lemma gr_mult_eq_sum:
  assumes a: "a \<in> group_ring G" and b: "b \<in> group_ring G" and x: "x \<in> carrier G"
  shows "gr_mult G a b x = (\<Sum>h \<in> supp b. b h * a (x \<otimes> inv h))"
proof -
  have sa: "finite (supp a)" "supp a \<subseteq> carrier G" and sb: "supp b \<subseteq> carrier G"
    using finsuppD a b unfolding group_ring_eq_finsupp by blast+
  have "gr_mult G a b x = (\<Sum>(g, h) \<in> supp a \<times> supp b. if g \<otimes> h = x then a g * b h else 0)"
    unfolding gr_mult_def supp_def ..
  also have "\<dots> = (\<Sum>g \<in> supp a. \<Sum>h \<in> supp b. if g \<otimes> h = x then a g * b h else 0)"
    by (rule sum.cartesian_product[symmetric])
  also have "\<dots> = (\<Sum>h \<in> supp b. \<Sum>g \<in> supp a. if g \<otimes> h = x then a g * b h else 0)"
    by (rule sum.swap)
  also have "\<dots> = (\<Sum>h \<in> supp b. b h * a (x \<otimes> inv h))"
  proof (rule sum.cong[OF refl])
    fix h
    assume "h \<in> supp b"
    then have h: "h \<in> carrier G"
      using sb by blast
    have "(\<Sum>g \<in> supp a. if g \<otimes> h = x then a g * b h else 0)
        = (\<Sum>g \<in> supp a. if x \<otimes> inv h = g then a g * b h else 0)"
    proof (rule sum.cong[OF refl])
      fix g
      assume "g \<in> supp a"
      then have "g \<in> carrier G"
        using sa(2) by blast
      then have "g \<otimes> h = x \<longleftrightarrow> x \<otimes> inv h = g"
        using inv_solve_right[OF _ x h, of g] by auto
      then show "(if g \<otimes> h = x then a g * b h else 0) = (if x \<otimes> inv h = g then a g * b h else 0)"
        by simp
    qed
    also have "\<dots> = b h * a (x \<otimes> inv h)"
      using sa(1) by (simp add: sum.delta supp_def)
    finally show "(\<Sum>g \<in> supp a. if g \<otimes> h = x then a g * b h else 0) = b h * a (x \<otimes> inv h)" .
  qed
  finally show ?thesis .
qed

lemma gr_mult_outside:
  assumes "a \<in> group_ring G" "b \<in> group_ring G" "x \<notin> carrier G"
  shows "gr_mult G a b x = 0"
  using assms unfolding gr_mult_def group_ring_def by (intro sum.neutral) auto

lemma case_prod_finsupp:
  fixes n :: nat
  assumes v: "\<forall>j<n. v j \<in> group_ring G" and v_zero: "\<forall>j\<ge>n. v j = (\<lambda>_. 0)"
  shows "case_prod v \<in> finsupp ({..<n} \<times> carrier G)"
proof -
  let ?S = "SIGMA j:{..<n}. supp (v j)"
  have v_finsupp: "finite (supp (v j))" "supp (v j) \<subseteq> carrier G" if "j < n" for j
    using v that finsuppD unfolding group_ring_eq_finsupp by blast+
  have "supp (case_prod v) \<subseteq> ?S"
  proof
    fix p
    assume "p \<in> supp (case_prod v)"
    then obtain j h where p: "p = (j, h)" "v j h \<noteq> 0"
      by (cases p) (auto simp: supp_def)
    have "j < n"
    proof (rule ccontr)
      assume "\<not> j < n"
      then show False
        using p(2) v_zero by simp
    qed
    with p show "p \<in> ?S"
      by (simp add: supp_def)
  qed
  moreover have "finite ?S" "?S \<subseteq> {..<n} \<times> carrier G"
    using v_finsupp by auto
  ultimately show ?thesis
    unfolding finsupp_def using finite_subset by blast
qed

end

locale group_ring_matrix = group G for G :: "('a, 'b) monoid_scheme" (structure) +
  fixes n :: nat and A :: "nat \<Rightarrow> nat \<Rightarrow> ('a \<Rightarrow> int)"
  assumes entries: "i < n \<Longrightarrow> j < n \<Longrightarrow> A i j \<in> group_ring G"
begin

lemma entries_finsupp: "i < n \<Longrightarrow> j < n \<Longrightarrow> finite (supp (A i j)) \<and> supp (A i j) \<subseteq> carrier G"
  using entries finsuppD unfolding group_ring_eq_finsupp by blast

lemma matrix_kernel_row:
  assumes "i < n" "j < n" "h \<in> carrier G"
  shows "{z \<in> supp (matrix_kernel G n A (j, h)). fst z = i} = (\<lambda>g. (i, g \<otimes> h)) ` supp (A i j)"
proof (intro equalityI subsetI)
  fix z
  assume z: "z \<in> {z \<in> supp (matrix_kernel G n A (j, h)). fst z = i}"
  then obtain x where x: "z = (i, x)" "x \<in> carrier G" "A i j (x \<otimes> inv h) \<noteq> 0"
    using assms by (cases z) (auto simp: matrix_kernel_def supp_def split: if_splits)
  moreover have "x = (x \<otimes> inv h) \<otimes> h"
    using x(2) assms(3) by (simp add: m_assoc)
  ultimately show "z \<in> (\<lambda>g. (i, g \<otimes> h)) ` supp (A i j)"
    by (auto simp: supp_def intro!: image_eqI[where x = "x \<otimes> inv h"])
next
  fix z
  assume "z \<in> (\<lambda>g. (i, g \<otimes> h)) ` supp (A i j)"
  then obtain g where g: "g \<in> supp (A i j)" "z = (i, g \<otimes> h)"
    by blast
  have "g \<in> carrier G"
    using g(1) entries_finsupp assms by blast
  then show "z \<in> {z \<in> supp (matrix_kernel G n A (j, h)). fst z = i}"
    using g assms by (simp add: matrix_kernel_def supp_def m_assoc)
qed

sublocale equivariant_kernel G "{..<n} \<times> carrier G" "index_mult G" "{..<n} \<times> carrier G"
  "index_mult G" "matrix_kernel G n A"
proof intro_locales
  show "right_free_action_axioms G ({..<n} \<times> carrier G) (index_mult G)"
    using right_free_action_index_mult by (simp add: right_free_action_def)
  show "equivariant_kernel_axioms G ({..<n} \<times> carrier G) (index_mult G) ({..<n} \<times> carrier G)
      (index_mult G) (matrix_kernel G n A)"
  proof
    fix w
    assume "w \<in> {..<n} \<times> carrier G"
    then obtain j h where jh: "w = (j, h)" "j < n" "h \<in> carrier G"
      by blast
    have "supp (matrix_kernel G n A w) = (\<Union>i<n. {z \<in> supp (matrix_kernel G n A (j, h)). fst z = i})"
      using jh by (auto simp: matrix_kernel_def supp_def split: if_splits)
    also have "\<dots> = (\<Union>i<n. (\<lambda>g. (i, g \<otimes> h)) ` supp (A i j))"
      using matrix_kernel_row jh by simp
    finally have supp_eq: "supp (matrix_kernel G n A w) = (\<Union>i<n. (\<lambda>g. (i, g \<otimes> h)) ` supp (A i j))" .
    show "matrix_kernel G n A w \<in> finsupp ({..<n} \<times> carrier G)"
      unfolding finsupp_def mem_Collect_eq supp_eq using jh(2,3) entries_finsupp by auto
  next
    fix w y k
    assume "w \<in> {..<n} \<times> carrier G" "y \<in> {..<n} \<times> carrier G" and k: "k \<in> carrier G"
    then obtain j h i x where "w = (j, h)" "y = (i, x)" "h \<in> carrier G" "x \<in> carrier G"
      by blast
    moreover have "(x \<otimes> k) \<otimes> inv (h \<otimes> k) = x \<otimes> inv h" if "h \<in> carrier G" "x \<in> carrier G"
      using that k by (simp add: inv_mult_group m_assoc[symmetric]) (simp add: m_assoc)
    ultimately show "matrix_kernel G n A (index_mult G w k) (index_mult G y k) = matrix_kernel G n A w y"
      using k by (simp add: index_mult_def matrix_kernel_def)
  qed
qed

lemma orbit_sum_matrix_kernel:
  assumes "i < n" "j < n" "h \<in> carrier G" "x \<in> carrier G"
  shows "orbit_sum (carrier G) (index_mult G) (matrix_kernel G n A (j, h)) (i, x) = augmentation (A i j)"
proof -
  have sA: "supp (A i j) \<subseteq> carrier G"
    using entries_finsupp assms(1,2) by blast
  have inj: "inj_on (\<lambda>g. (i, g \<otimes> h)) (supp (A i j))"
  proof (rule inj_onI)
    fix g g'
    assume "g \<in> supp (A i j)" "g' \<in> supp (A i j)" "(i, g \<otimes> h) = (i, g' \<otimes> h)"
    then have "g \<in> carrier G" "g' \<in> carrier G" "g \<otimes> h = g' \<otimes> h"
      using sA by auto
    then show "g = g'"
      using assms(3) by simp
  qed
  have "orbit_sum (carrier G) (index_mult G) (matrix_kernel G n A (j, h)) (i, x)
      = (\<Sum>u \<in> (\<lambda>g. (i, g \<otimes> h)) ` supp (A i j). matrix_kernel G n A (j, h) u)"
    using orbit_sum_index_mult[OF kernel_finsupp assms(4)] matrix_kernel_row[OF assms(1-3)] assms(2,3)
    by simp
  also have "\<dots> = (\<Sum>g \<in> supp (A i j). A i j g)"
    using sA assms by (simp add: sum.reindex[OF inj] matrix_kernel_def m_assoc subset_iff)
  also have "\<dots> = augmentation (A i j)"
    by (simp add: augmentation_def supp_def)
  finally show ?thesis .
qed

lemma orbit_sum_kernel_apply_matrix:
  assumes v: "v \<in> finsupp ({..<n} \<times> carrier G)" and "i < n" "x \<in> carrier G"
  shows "orbit_sum (carrier G) (index_mult G) (kernel_apply (matrix_kernel G n A) v) (i, x)
    = (\<Sum>j<n. augmentation (A i j) * (\<Sum>u \<in> {u \<in> supp v. fst u = j}. v u))"
proof -
  have sv: "supp v \<subseteq> {..<n} \<times> carrier G"
    using finsuppD(2)[OF v] .
  have "orbit_sum (carrier G) (index_mult G) (kernel_apply (matrix_kernel G n A) v) (i, x)
      = (\<Sum>u \<in> supp v. v u * orbit_sum (carrier G) (index_mult G) (matrix_kernel G n A u) (i, x))"
    by (rule orbit_sum_kernel_apply[OF finsuppD(1)[OF v] finsuppD(1)[OF kernel_finsupp]])
      (use sv in blast)
  also have "\<dots> = (\<Sum>u \<in> supp v. v u * augmentation (A i (fst u)))"
  proof (rule sum.cong[OF refl])
    fix u
    assume "u \<in> supp v"
    then obtain j h where "u = (j, h)" "j < n" "h \<in> carrier G"
      using sv by blast
    then show "v u * orbit_sum (carrier G) (index_mult G) (matrix_kernel G n A u) (i, x)
        = v u * augmentation (A i (fst u))"
      using orbit_sum_matrix_kernel[OF assms(2) _ _ assms(3)] by simp
  qed
  also have "\<dots> = (\<Sum>j<n. \<Sum>u \<in> {u \<in> supp v. fst u = j}. v u * augmentation (A i (fst u)))"
    using sv by (intro sum.group[symmetric] finsuppD(1)[OF v]) auto
  also have "\<dots> = (\<Sum>j<n. augmentation (A i j) * (\<Sum>u \<in> {u \<in> supp v. fst u = j}. v u))"
    by (simp add: sum_distrib_left mult.commute)
  finally show ?thesis .
qed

→ **What is needed**
Would you please write out, exactly and with no other lines, the stretch of the listing above from the line containing "using sa(1) by" through the line containing "then show False"?

→ **Answer area**
      using sa(1) by (simp add: sum.delta supp_def)
    finally show "(\<Sum>g \<in> supp a. if g \<otimes> h = x then a g * b h else 0) = b h * a (x \<otimes> inv h)" .
  qed
  finally show ?thesis .
qed

lemma gr_mult_outside:
  assumes "a \<in> group_ring G" "b \<in> group_ring G" "x \<notin> carrier G"
  shows "gr_mult G a b x = 0"
  using assms unfolding gr_mult_def group_ring_def by (intro sum.neutral) auto

lemma case_prod_finsupp:
  fixes n :: nat
  assumes v: "\<forall>j<n. v j \<in> group_ring G" and v_zero: "\<forall>j\<ge>n. v j = (\<lambda>_. 0)"
  shows "case_prod v \<in> finsupp ({..<n} \<times> carrier G)"
proof -
  let ?S = "SIGMA j:{..<n}. supp (v j)"
  have v_finsupp: "finite (supp (v j))" "supp (v j) \<subseteq> carrier G" if "j < n" for j
    using v that finsuppD unfolding group_ring_eq_finsupp by blast+
  have "supp (case_prod v) \<subseteq> ?S"
  proof
    fix p
    assume "p \<in> supp (case_prod v)"
    then obtain j h where p: "p = (j, h)" "v j h \<noteq> 0"
      by (cases p) (auto simp: supp_def)
    have "j < n"
    proof (rule ccontr)
      assume "\<not> j < n"
      then show False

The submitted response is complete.